2010s: A Royal Affair
The most notable bridal mention for the 2010s is that of Kate Middleton and Prince William’s wedding. The royal bride wore an Alexander McQueen gown, designed by Sarah Burton, featuring a bodice that was padded on the hips, an eight-foot train, and lace sleeves. The Duchess of Cambridge also wore a Cartier tiara borrowed from, none other than, Queen Elizabeth, to pull together the entire look. As a result, brides everywhere were inspired to replicate her iconic, hourglass silhouette, defining a new era in bridal fashion.
Present Day: Social Media
“Today styles are more pluralistic and turn over is quicker, so the options are limitless,” shares Dr. Abrego, “The pace of social media means that styles can be seen by the world instantly, and any designer’s idea can be reproduced more quickly.” In an age where trends on Instagram and Tik Tok come and go in the blink of an eye, bridalwear is also being shaped by what’s made popular by the social media influencers of today’s generation.
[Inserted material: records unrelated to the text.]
(* Let $\phi=\frac{1+\sqrt5}{2}$, let $\Gamma\subset SL_2(\mathbb R)$ be the group generated by $$\sigma_0=\begin{pmatrix}1&\phi\\0&1\end{pmatrix},\quad \sigma_1=\begin{pmatrix}\phi&\phi\\1&\phi\end{pmatrix},\quad \sigma_2=\begin{pmatrix}\phi&1\\\phi&\phi\end{pmatrix},\quad \sigma_3=\begin{pmatrix}1&0\\\phi&1\end{pmatrix},$$ and let $S=\{\gamma\binom{1}{0}:\gamma\in\Gamma\}$. Let $v_1,v_2\in S$ be distinct, write $v_1-v_2=\binom{x}{y}$, and let $\lambda=\gcd_{\Gamma^+}(x,y)$. Then there are two points of $S$ lying on a common horizontal line at distance exactly $\lambda$ from each other.
   Context: $S\subset\mathbb Z[\phi]^2$. For $x,y\in\mathbb Z[\phi]$ not both zero, $\gcd_{\Gamma^+}(x,y)$ denotes the positive real number $\lambda$ such that $\lambda^{-1}\binom{|x|}{|y|}\in S$ (it is known, from the Davis–Lelièvre gcd algorithm for $\mathbb Z[\phi]$, that such $\lambda$ exists and is unique; it is the representative of the gcd of $|x|,|y|$ produced by that algorithm). $\Gamma$ acts on $\mathbb R^2$ by matrix multiplication on column vectors. *)

theory Defs
  imports "HOL-Analysis.Analysis"
begin

definition phi :: real where "phi = (1 + sqrt 5) / 2"

definition sigma0 :: "real^2^2" where "sigma0 = vector [vector [1, phi], vector [0, 1]]"
definition sigma1 :: "real^2^2" where "sigma1 = vector [vector [phi, phi], vector [1, phi]]"
definition sigma2 :: "real^2^2" where "sigma2 = vector [vector [phi, 1], vector [phi, phi]]"
definition sigma3 :: "real^2^2" where "sigma3 = vector [vector [1, 0], vector [phi, 1]]"

definition gens :: "(real^2^2) set" where "gens = {sigma0, sigma1, sigma2, sigma3}"

inductive_set Gamma :: "(real^2^2) set" where
  id: "mat 1 \<in> Gamma"
| mul: "g \<in> gens \<Longrightarrow> h \<in> Gamma \<Longrightarrow> g ** h \<in> Gamma"
| mul_inv: "g \<in> gens \<Longrightarrow> h \<in> Gamma \<Longrightarrow> matrix_inv g ** h \<in> Gamma"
“Throughout history, bridal fashion has been mostly inspired by family and cultural traditions, as well as celebrity weddings that probably helped to disseminate trends more than anything else,” Idcavage notes. “And the lasting influences of Queen Victoria’s and Princess Diana’s wedding dresses are proof of that claim! However, while movies stars and royalty may have had the greatest impact on what brides aspired to look like in the past, social media influencers have helped to democratize who brides look to for style inspiration in more recent years.”
However, one thing for sure, the history of bridal fashion is set to repeat itself, as it has in the past—just this time using a different medium. But in all, the sentiment remains the same—brides will always want to look their absolute best on one of the biggest days of their lives.